Виктор Смирнов - Тревожный месяц вересень
У меня сердце дрогнуло, когда он вот так мягко, с привычной домашней ласковостью сказал: «Антоша». Это было их слово, за ним стояло столько, что я сразу почувствовал себя лишним в доме. Это слово было воплощенной нежностью, паролем и отзывом. За ним стояла тайна родительской и дочерней любви. Наверно, не случайно имя это было мужским, в нем, мне почудилось, прозвучала неутоленная мечта по сыну, продолжателю рода гончарных мастеров, но судьба дала криворукому Семеренкову двух дочерей; старшая изменила дому, ушла с бандитами, и теперь у него оставалась лишь одна дочь, лепщица диковинных зверей, вечно молчащая… Антоша!
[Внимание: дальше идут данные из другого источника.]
lemma dirderiv2_imag_axial:
  assumes "open U" and "U \<inter> range qreal = {}" and ft: "has_axial_form U ft A B"
    and A: "Ck 2 (profile_domain U) A" and B: "Ck 2 (profile_domain U) B"
    and "r > 0" "w \<in> qS" and Q: "qreal q0 + r *\<^sub>R w \<in> U" and "i \<noteq> 0"
  defines "k' \<equiv> (1 / r) *\<^sub>R dirderiv (0, 1) B (q0, r) - (1 / r\<^sup>2) *\<^sub>R B (q0, r)"
    and "k'' \<equiv> (1 / r) *\<^sub>R dirderiv (0, 1) (dirderiv (0, 1) B) (q0, r)
      - (2 / r\<^sup>2) *\<^sub>R dirderiv (0, 1) B (q0, r) + (2 / r ^ 3) *\<^sub>R B (q0, r)"
  shows "dirderiv (e i) (dirderiv (e i) ft) (qreal q0 + r *\<^sub>R w) =
    ((1 - (w$i)\<^sup>2) / r) *\<^sub>R dirderiv (0, 1) A (q0, r) + (w$i)\<^sup>2 *\<^sub>R dirderiv (0, 1) (dirderiv (0, 1) A) (q0, r)
    + (2 * w$i) *\<^sub>R qmult (e i) k' + qmult (r *\<^sub>R w) (((1 - (w$i)\<^sup>2) / r) *\<^sub>R k' + (w$i)\<^sup>2 *\<^sub>R k'')"
proof -
  obtain d where "d > 0" and nz: "\<And>t. \<bar>t\<bar> < d \<Longrightarrow> r *\<^sub>R w + t *\<^sub>R e i \<noteq> 0"
    and dom: "\<And>t. \<bar>t\<bar> < d \<Longrightarrow> (q0, norm (r *\<^sub>R w + t *\<^sub>R e i)) \<in> profile_domain U"
    and ft_line: "\<And>t. \<bar>t\<bar> < d \<Longrightarrow> ft (qreal q0 + r *\<^sub>R w + t *\<^sub>R e i) =
      A (q0, norm (r *\<^sub>R w + t *\<^sub>R e i))
      + qmult (r *\<^sub>R w + t *\<^sub>R e i) ((1 / norm (r *\<^sub>R w + t *\<^sub>R e i)) *\<^sub>R B (q0, norm (r *\<^sub>R w + t *\<^sub>R e i)))"
    using axial_form_on_imag_line[OF assms(1-3,7-9)] by blast
  define a where "a s = A (q0, s)" for s
  define a' where "a' s = dirderiv (0, 1) A (q0, s)" for s
  define b where "b s = B (q0, s)" for s
  define b' where "b' s = dirderiv (0, 1) B (q0, s)" for s
  have basis: "(0::real, 1::real) \<in> Basis"
    by (simp add: Basis_prod_def)
  have a: "(a has_vector_derivative a' s) (at s)" and b: "(b has_vector_derivative b' s) (at s)"
    and a': "(a' has_vector_derivative dirderiv (0, 1) (dirderiv (0, 1) A) (q0, s)) (at s)"
    and b': "(b' has_vector_derivative dirderiv (0, 1) (dirderiv (0, 1) B) (q0, s)) (at s)"
    if "(q0, s) \<in> profile_domain U" for s
    unfolding a_def a'_def b_def b'_def
    using has_vector_derivative_Ck2_line[OF A basis, of "(q0, 0)" s]
      has_vector_derivative_Ck2_line[OF B basis, of "(q0, 0)" s] that
    by simp_all
  have r_dom: "(q0, r) \<in> profile_domain U"
    using profile_domainI[OF \<open>r > 0\<close> \<open>w \<in> qS\<close> Q] .
  have "dirderiv (e i) (dirderiv (e i) ft) (qreal q0 + r *\<^sub>R w) =
    ((1 - (w$i)\<^sup>2) / r) *\<^sub>R a' r + (w$i)\<^sup>2 *\<^sub>R dirderiv (0, 1) (dirderiv (0, 1) A) (q0, r)
    + (2 * w$i) *\<^sub>R qmult (e i) ((1 / r) *\<^sub>R b' r - (1 / r\<^sup>2) *\<^sub>R b r)
    + qmult (r *\<^sub>R w) (((1 - (w$i)\<^sup>2) / r) *\<^sub>R ((1 / r) *\<^sub>R b' r - (1 / r\<^sup>2) *\<^sub>R b r) + (w$i)\<^sup>2 *\<^sub>R k'')"
  proof (rule dirderiv2_radial[OF qmult_bounded_bilinear \<open>d > 0\<close> _ _ _ nz])
    show "norm (e i) = 1"
      by (simp add: e_def)
    show "norm (r *\<^sub>R w) = r"
      using \<open>r > 0\<close> \<open>w \<in> qS\<close> by (simp add: qS_iff)
    show "(r *\<^sub>R w) \<bullet> e i = w$i * r"
      by (simp add: inner_e)
    fix t :: real
    assume t: "\<bar>t\<bar> < d"
    show "ft (qreal q0 + r *\<^sub>R w + t *\<^sub>R e i) = a (norm (r *\<^sub>R w + t *\<^sub>R e i))
        + qmult (r *\<^sub>R w + t *\<^sub>R e i) ((\<lambda>s. (1 / s) *\<^sub>R b s) (norm (r *\<^sub>R w + t *\<^sub>R e i)))"
      using ft_line[OF t] by (simp add: a_def b_def)
    show "(a has_vector_derivative a' (norm (r *\<^sub>R w + t *\<^sub>R e i))) (at (norm (r *\<^sub>R w + t *\<^sub>R e i)))"
      by (rule a[OF dom[OF t]])
    show "((\<lambda>s. (1 / s) *\<^sub>R b s) has_vector_derivative
        (\<lambda>s. (1 / s) *\<^sub>R b' s - (1 / s\<^sup>2) *\<^sub>R b s) (norm (r *\<^sub>R w + t *\<^sub>R e i))) (at (norm (r *\<^sub>R w + t *\<^sub>R e i)))"
      using has_vector_derivative_div_arg[OF b[OF dom[OF t]]] nz[OF t] by simp
  next
    show "(a' has_vector_derivative dirderiv (0, 1) (dirderiv (0, 1) A) (q0, r)) (at r)"
      by (rule a'[OF r_dom])
    show "((\<lambda>s. (1 / s) *\<^sub>R b' s - (1 / s\<^sup>2) *\<^sub>R b s) has_vector_derivative k'') (at r)"
      using has_vector_derivative_div_arg_deriv[OF b[OF r_dom] b'[OF r_dom]] \<open>r > 0\<close>
      by (simp add: k''_def b'_def b_def)
  qed
  then show ?thesis
    by (simp add: k'_def a'_def b'_def b_def)
qed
Я мысленно произнес это имя, глядя на ее остро выступавшие под платком плечи, смуглые худые руки, прядь светлых волос, плавные линии бедер, которые четко обрисовывались под стареньким платьицем и вдруг за округлением колен переходили в резкую, удлиненную прямоту сомкнутых голеней. В ней было непонятное мне совершенство. Такое совершенство не поддается никаким анализам. Оно сразу вштамповывается в душу. И этот цельный отпечаток уже не выжечь.
«Антоша! — мысленно повторил я. Она повернулась ко мне. Глаза ее влажно блестели. Она словно изучала меня. — Антоша!» Губы ее вздрогнули, разжались, утратили строгость.
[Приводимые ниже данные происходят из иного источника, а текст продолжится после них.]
lemma residue_products_le_card_rainbow:
  "(n + 2) div 3 * ((n + 1) div 3) * (n div 3)
    \<le> card {U. U \<subseteq> {0..<n} \<and> card U = 3 \<and> U \<in> residue_rainbow}"
proof -
  define A where "A j = (\<lambda>i. 3 * i + j) ` {..<(n + 2 - j) div 3}" for j
  have A: "x < n \<and> x mod 3 = j" if "x \<in> A j" "j < 3" for x j
    using that residue_progression_bounds unfolding A_def by blast
  have card_A: "card (A j) = (n + 2 - j) div 3" for j
    unfolding A_def by (simp add: card_image inj_on_def)
  have "A 0 \<inter> A 1 = {}" "A 0 \<inter> A 2 = {}" "A 1 \<inter> A 2 = {}"
    using A[of _ 0] A[of _ 1] A[of _ 2] by fastforce+
  note inj = inj_on_triple_disjoint[OF this]
  let ?R = "{U. U \<subseteq> {0..<n} \<and> card U = 3 \<and> U \<in> residue_rainbow}"
  have "(\<lambda>(a, b, c). {a, b, c}) ` (A 0 \<times> A 1 \<times> A 2) \<subseteq> ?R"
  proof
    fix U assume "U \<in> (\<lambda>(a, b, c). {a, b, c}) ` (A 0 \<times> A 1 \<times> A 2)"
    then obtain a b c where "a \<in> A 0" "b \<in> A 1" "c \<in> A 2" and U: "U = {a, b, c}" by auto
    then have mods: "a mod 3 = 0" "b mod 3 = 1" "c mod 3 = 2" and "a < n" "b < n" "c < n"
      using A by auto
    then have "a \<noteq> b" "a \<noteq> c" "b \<noteq> c" by auto
    then have "card U = 3" using U by simp
    moreover have "U \<subseteq> {0..<n}" using U \<open>a < n\<close> \<open>b < n\<close> \<open>c < n\<close> by simp
    moreover have "U \<in> residue_rainbow" using U mods by (simp add: residue_rainbow_def)
    ultimately show "U \<in> ?R" by blast
  qed
  moreover have "finite ?R" by (rule finite_subset[of _ "Pow {0..<n}"]) auto
  ultimately have "card (A 0 \<times> A 1 \<times> A 2) \<le> card ?R" using inj card_inj_on_le by blast
  then show ?thesis by (simp add: card_A card_cartesian_product)
qed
Я чувствовал, что голова у меня идет кругом все быстрее. Ну что это я так разнюнился? Зачем я сюда, в конце концов, пришел?..
— Послушайте, — сказал я Семеренкову. — По-моему, мы в первый раз не договорили. Пойдемте посидим на завалинке.
Он тут же поднялся и пошел к двери, неся перед собой согнутую левую руку. Антонина встала и проводила нас напряженным взглядом. Как тогда, на гончарне. Второй раз я врывался в эту семью и вносил тревогу и смятение. Скорее бы прояснилось все… Не по мне была такая работенка. Во что ты меня втравил, Гупан?
У порога я не обернулся. Боялся потерять уверенность перед разговором.
9
Мы сели на завалинку. Был вечерний час. До войны в это время все Глухары сидели на завалинках, лузгали семечки и глазели на облака, которые с предзакатной быстротой меняли свои очертания и цвет.
Семеренков прислонился к беленому срубу, лицо его темнело четким горбоносым профилем на фоне неба. Он ждал, полуприкрыв глаза, и казался очень усталым.
Я достал из-под лавки сидор с узелками, выложил все содержимое на доску.
— Вот ваше добро, — сказал я. — Антонина принесла к тайнику возле прощи. Припасы для бандитов. Припасы для бандитов и для вашей старшей доченьки, которая скрывается в лесах, вместе с ними. Заберите обратно. Пригодится в хозяйстве!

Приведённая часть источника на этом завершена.